Provided records:

lemma conj_fixes_translations:
  assumes h: "h \<in> p6m"
    and conj_transl: "\<And>t. t \<in> hex_lattice \<Longrightarrow> \<phi> (transl t) \<circ> h = h \<circ> transl t"
  shows "p6m_endomorphism_fixing_translations (\<lambda>g. inv_into UNIV h \<circ> \<phi> g \<circ> h)"
proof
  have h_inv: "h (inv_into UNIV h x) = x" "inv_into UNIV h (h x) = x" for x
    using p6m_bij[OF h] by (simp_all add: bij_is_inj bij_is_surj surj_f_inv_f)
  show "inv_into UNIV h \<circ> \<phi> g \<circ> h \<in> p6m" if "g \<in> p6m" for g
    using that h hom_closed[of g] by (auto intro!: p6m_comp)
  show "inv_into UNIV h \<circ> \<phi> (g \<circ> k) \<circ> h
      = (inv_into UNIV h \<circ> \<phi> g \<circ> h) \<circ> (inv_into UNIV h \<circ> \<phi> k \<circ> h)" if "g \<in> p6m" "k \<in> p6m" for g k
    using that hom_mult[of g k] h_inv by (simp add: fun_eq_iff)
  show "inv_into UNIV h \<circ> \<phi> (transl t) \<circ> h = transl t" if "t \<in> hex_lattice" for t
    using conj_transl[OF that] h_inv by (simp add: fun_eq_iff comp_assoc)
qed

lemma inner: "\<exists>K\<in>p6m. \<phi> = conj_by K p6m"
proof -
  obtain \<alpha> e where "\<alpha> \<in> hex_units" and \<phi>_transl: "\<forall>t\<in>hex_lattice. \<phi> (transl t) = transl (\<alpha> * cnj_if e t)"
    using transl_image_semilinear by blast
  define h where "h = motion 0 \<alpha> e"
  have h: "h \<in> p6m"
    unfolding h_def using \<open>\<alpha> \<in> hex_units\<close> by blast
  have h_inv: "h (inv_into UNIV h x) = x" for x
    using p6m_bij[OF h] by (simp add: bij_is_surj surj_f_inv_f)
  interpret \<psi>: p6m_endomorphism_fixing_translations "\<lambda>g. inv_into UNIV h \<circ> \<phi> g \<circ> h"
    using h \<phi>_transl by (intro conj_fixes_translations) (simp_all add: h_def motion_comp_transl)
  obtain v where "v \<in> hex_lattice"
    and v: "\<forall>g\<in>p6m. inv_into UNIV h \<circ> \<phi> g \<circ> h = transl v \<circ> g \<circ> transl (- v)"
    using \<psi>.conj_by_translation by blast
  define K where "K = h \<circ> transl v"
  have K_inv: "inv_into UNIV K = transl (- v) \<circ> inv_into UNIV h"
    unfolding K_def using p6m_bij[OF h] by (simp add: o_inv_distrib bij_transl inv_transl)
  have "\<phi> g = conj_by K p6m g" for g
  proof (cases "g \<in> p6m")
    case True
    have "\<phi> g = h \<circ> (inv_into UNIV h \<circ> \<phi> g \<circ> h) \<circ> inv_into UNIV h"
      using h_inv by (simp add: fun_eq_iff)
    also have "\<dots> = h \<circ> (transl v \<circ> g \<circ> transl (- v)) \<circ> inv_into UNIV h"
      using True v by simp
    also have "\<dots> = K \<circ> g \<circ> inv_into UNIV K"
      unfolding K_inv by (simp add: K_def comp_assoc)
    finally show ?thesis
      using True by (simp add: conj_by_def)
  next
    case False
    then show ?thesis
      using extensional_arb[OF _ False] in_Aut_group unfolding in_Aut_group_iff conj_by_def by auto
  qed
  moreover have "K \<in> p6m"
    unfolding K_def using h \<open>v \<in> hex_lattice\<close> by blast
  ultimately show ?thesis
    by blast
qed

end

lemma Aut_group_p6m: "carrier (Aut_group p6m) = Inn p6m"
  using p6m_automorphism.inner inner_conj_by_in_Aut_group[OF group_p6m]
  by (auto simp: Inn_def p6m_automorphism_def)

section \<open>The affine normalizer and the orbit space\<close>

lemma complex_linear_eq_id:
  assumes M: "linear M" and "M 1 = 1" "M w = w" "Im w \<noteq> 0"
  shows "M = id"
proof -
  have w: "w = Re w *\<^sub>R 1 + Im w *\<^sub>R \<i>"
    by (simp add: complex_eq_iff)
  have "Re w *\<^sub>R 1 + Im w *\<^sub>R M \<i> = Re w *\<^sub>R 1 + Im w *\<^sub>R \<i>"
    using \<open>M w = w\<close> \<open>M 1 = 1\<close> w linear_add[OF M] linear_scale[OF M] by metis
  then have "M \<i> = \<i>"
    using \<open>Im w \<noteq> 0\<close> by simp
  have "M z = z" for z
  proof -
    have z: "Re z *\<^sub>R 1 + Im z *\<^sub>R \<i> = z"
      by (simp add: complex_eq_iff)
    have "M (Re z *\<^sub>R 1 + Im z *\<^sub>R \<i>) = Re z *\<^sub>R 1 + Im z *\<^sub>R \<i>"
      using \<open>M \<i> = \<i>\<close> \<open>M 1 = 1\<close> by (simp add: linear_add[OF M] linear_scale[OF M])
    then show ?thesis
      unfolding z .
  qed
  then show ?thesis
    by auto
qed

lemma affine_centralizing_p6m_eq_id:
  assumes M: "linear M" and comm: "\<And>g. g \<in> p6m \<Longrightarrow> (\<lambda>z. c + M z) \<circ> g = g \<circ> (\<lambda>z. c + M z)"
  shows "(\<lambda>z. c + M z) = id"
proof -
  have M0: "M 0 = 0"
    using linear_0[OF M] .
  have "M t = t" if "t \<in> hex_lattice" for t
    using fun_cong[OF comm[OF transl_in_p6m[OF that]], of 0] M0 by (simp add: transl_def)
  then have "M 1 = 1" "M omega6 = omega6"
    by simp_all
  have "c = omega6 * c"
    using fun_cong[OF comm[OF rot6_in_p6m], of 0] M0 by (simp add: rot6_def)
  then have "c = 0"
    using omega6_neq_1 by (metis mult_cancel_right2)
  moreover have "M = id"
    using complex_linear_eq_id[OF M \<open>M 1 = 1\<close> \<open>M omega6 = omega6\<close>] by simp
  ultimately show ?thesis
    by (simp add: fun_eq_iff)
qed

lemma linear_mult_cnj_if: "linear L \<Longrightarrow> linear (\<lambda>z. b * cnj_if e (L z))"
  using linear_compose[OF linear_compose[OF _ linear_cnj] bounded_linear.linear[OF bounded_linear_mult_right]]
    linear_compose[OF _ bounded_linear.linear[OF bounded_linear_mult_right]]
  by (cases e) (auto simp: o_def)

lemma conj_by_eq_imp_centralizes:
  assumes f: "bij f" and K: "bij K" and eq: "conj_by f \<Gamma> = conj_by K \<Gamma>" and g: "g \<in> \<Gamma>"
  shows "(inv_into UNIV K \<circ> f) \<circ> g = g \<circ> (inv_into UNIV K \<circ> f)"
proof -
  have conj: "f \<circ> g \<circ> inv_into UNIV f = K \<circ> g \<circ> inv_into UNIV K"
    using fun_cong[OF eq, of g] g by (simp add: conj_by_def)
  have "f (g z) = K (g (inv_into UNIV K (f z)))" for z
    using fun_cong[OF conj, of "f z"] bij_is_inj[OF f] by simp
  then show ?thesis
    using bij_is_inj[OF K] by (simp add: fun_eq_iff)
qed

lemma normalizer_aff_p6m: "normalizer_aff p6m \<subseteq> p6m"
proof
  fix f
  assume f: "f \<in> normalizer_aff p6m"
  then obtain a L where L: "linear L" "bij L" and f_eq: "f = (\<lambda>x. a + L x)"
    unfolding normalizer_aff_def affine_maps_def by blast
  have "bij f"
    using bij_comp[OF L(2) bij_transl[of a]] by (simp add: f_eq transl_def o_def)
  then have "conj_by f p6m \<in> carrier (Aut_group p6m)"
    using f p6m_comp by (intro conj_by_in_Aut_group) (auto simp: normalizer_aff_def)
  then obtain K where K: "K \<in> p6m" "conj_by f p6m = conj_by K p6m"
    using p6m_automorphism.inner p6m_automorphism.intro by blast
  obtain s b e where K_inv: "inv_into UNIV K = motion s b e"
    using inv_in_p6m[OF K(1)] by blast
  have "inv_into UNIV K \<circ> f = (\<lambda>z. (s + b * cnj_if e a) + b * cnj_if e (L z))"
    by (simp add: K_inv f_eq motion_def fun_eq_iff algebra_simps)
  moreover have "(inv_into UNIV K \<circ> f) \<circ> g = g \<circ> (inv_into UNIV K \<circ> f)" if "g \<in> p6m" for g
    using conj_by_eq_imp_centralizes[OF \<open>bij f\<close> p6m_bij[OF K(1)] K(2) that] .
  ultimately have "inv_into UNIV K \<circ> f = id"
    using affine_centralizing_p6m_eq_id[OF linear_mult_cnj_if[OF L(1)]] by metis
  moreover have "f = K \<circ> (inv_into UNIV K \<circ> f)"
    using bij_is_surj[OF p6m_bij[OF K(1)]] by (simp add: fun_eq_iff surj_f_inv_f)
  ultimately show "f \<in> p6m"
    using K(1) by simp
qed

lemma orb_apply:
  assumes G: "group (transformation_group \<Gamma>)" and g: "g \<in> \<Gamma>"
  shows "orb \<Gamma> (g x) = orb \<Gamma> x"
proof -
  interpret group "transformation_group \<Gamma>"
    by (fact G)
  note g_inv = transformation_group_inv[OF G g]
  have right_mult: "(\<lambda>h. h \<circ> g) ` \<Gamma> = \<Gamma>"
  proof
    show "(\<lambda>h. h \<circ> g) ` \<Gamma> \<subseteq> \<Gamma>"
      using g m_closed by auto
    show "\<Gamma> \<subseteq> (\<lambda>h. h \<circ> g) ` \<Gamma>"
    proof
      fix h
      assume "h \<in> \<Gamma>"
      then have "h \<circ> inv_into UNIV g \<in> \<Gamma>" "h = h \<circ> inv_into UNIV g \<circ> g"
        using g_inv m_closed by (simp_all add: comp_assoc bij_is_inj)
      then show "h \<in> (\<lambda>h. h \<circ> g) ` \<Gamma>"
        by blast
    qed
  qed
  have "orb \<Gamma> (g x) = (\<lambda>h. h x) ` (\<lambda>h. h \<circ> g) ` \<Gamma>"
    unfolding orb_def image_image by simp
  then show ?thesis
    unfolding right_mult orb_def .
qed

lemma induced_eq_idt:
  assumes G: "group (transformation_group \<Gamma>)" and K: "K \<in> \<Gamma>"
  shows "induced \<Gamma> K = idt \<Gamma>"
proof
  fix S
  show "induced \<Gamma> K S = idt \<Gamma> S"
  proof (cases "S \<in> orbit_space \<Gamma>")
    case True
    then obtain y where S: "S = orb \<Gamma> y"
      unfolding orbit_space_def by blast
    have "id \<in> \<Gamma>"
      using monoid.one_closed[OF group.is_monoid[OF G]] by simp
    then have "y \<in> S"
      unfolding S orb_def by (intro image_eqI[of _ _ id]) auto
    then have "(SOME x. x \<in> S) \<in> S"
      by (rule someI)
    then obtain h where "h \<in> \<Gamma>" "(SOME x. x \<in> S) = h y"
      unfolding S orb_def by blast
    then have "orb \<Gamma> (K (SOME x. x \<in> S)) = orb \<Gamma> (h y)"
      using orb_apply[OF G K] by simp
    also have "\<dots> = S"
      using orb_apply[OF G \<open>h \<in> \<Gamma>\<close>] S by simp
    finally have "orb \<Gamma> (K (SOME x. x \<in> S)) = S" .
    then show ?thesis
      using True by (simp add: induced_def idt_def)
  next
    case False
    then show ?thesis
      by (simp add: induced_def idt_def)
  qed
qed

lemma id_in_normalizer_aff: "id \<in> normalizer_aff \<Gamma>"
proof -
  have "id \<in> affine_maps"
    unfolding affine_maps_def using linear_id by (intro CollectI exI[of _ 0] exI[of _ id]) auto
  then show ?thesis
    by (simp add: normalizer_aff_def)
qed

lemma Aff_p6m: "Aff p6m = {idt p6m}"
proof -
  have "induced p6m f = idt p6m" if "f \<in> normalizer_aff p6m" for f
    using that normalizer_aff_p6m by (intro induced_eq_idt[OF group_p6m]) blast
  then show ?thesis
    unfolding Aff_def using id_in_normalizer_aff[of p6m] by (auto intro: rev_image_eqI[of id])
qed

lemma Sym_p6m: "Sym p6m = {idt p6m}"
proof -
  have "Sym p6m \<subseteq> Aff p6m"
    unfolding Sym_def Aff_def by blast
  moreover have "idt p6m \<in> Sym p6m"
    unfolding Sym_def using id_in_normalizer_aff[of p6m] induced_eq_idt[OF group_p6m id_in_p6m]
    by (intro rev_image_eqI[of id]) simp_all
  ultimately show ?thesis
    using Aff_p6m by blast
qed

lemma Omega_p6m_idt: "Omega p6m (idt p6m) = Inn p6m"
proof -
  define f where "f = (SOME f. f \<in> normalizer_aff p6m \<and> induced p6m f = idt p6m)"
  have "\<exists>f. f \<in> normalizer_aff p6m \<and> induced p6m f = idt p6m"
    using id_in_normalizer_aff induced_eq_idt[OF group_p6m id_in_p6m] by blast
  then have "f \<in> normalizer_aff p6m"
    unfolding f_def by (rule someI_ex[THEN conjunct1])
  then have "f \<in> p6m"
    using normalizer_aff_p6m by blast
  then show ?thesis
    unfolding Omega_def f_def[symmetric] by (rule Inn_r_coset[OF group_p6m])
qed

theorem lemma1:
  shows "Sym p6m = {idt p6m} \<and> Aff p6m = {idt p6m}
         \<and> Omega p6m \<in> iso (Aff_group p6m) (Out_group p6m)"
proof (intro conjI)
  show "Sym p6m = {idt p6m}" "Aff p6m = {idt p6m}"
    by (fact Sym_p6m, fact Aff_p6m)
  have "carrier (Aff_group p6m) = {idt p6m}"
    by (simp add: Aff_group_def Aff_p6m)
  moreover have "idt p6m \<otimes>\<^bsub>Aff_group p6m\<^esub> idt p6m = idt p6m"
    by (simp add: Aff_group_def idt_def fun_eq_iff)
  moreover note Out_group_trivial[OF group_p6m Aut_group_p6m] Omega_p6m_idt
  ultimately show "Omega p6m \<in> iso (Aff_group p6m) (Out_group p6m)"
    unfolding iso_def hom_def bij_betw_def by auto
qed

end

Required work:
From the records above, pull out each line that has "True".

Written reply:
    case True
      using True v by simp
      using True by (simp add: conj_by_def)
    case True
      using True by (simp add: induced_def idt_def)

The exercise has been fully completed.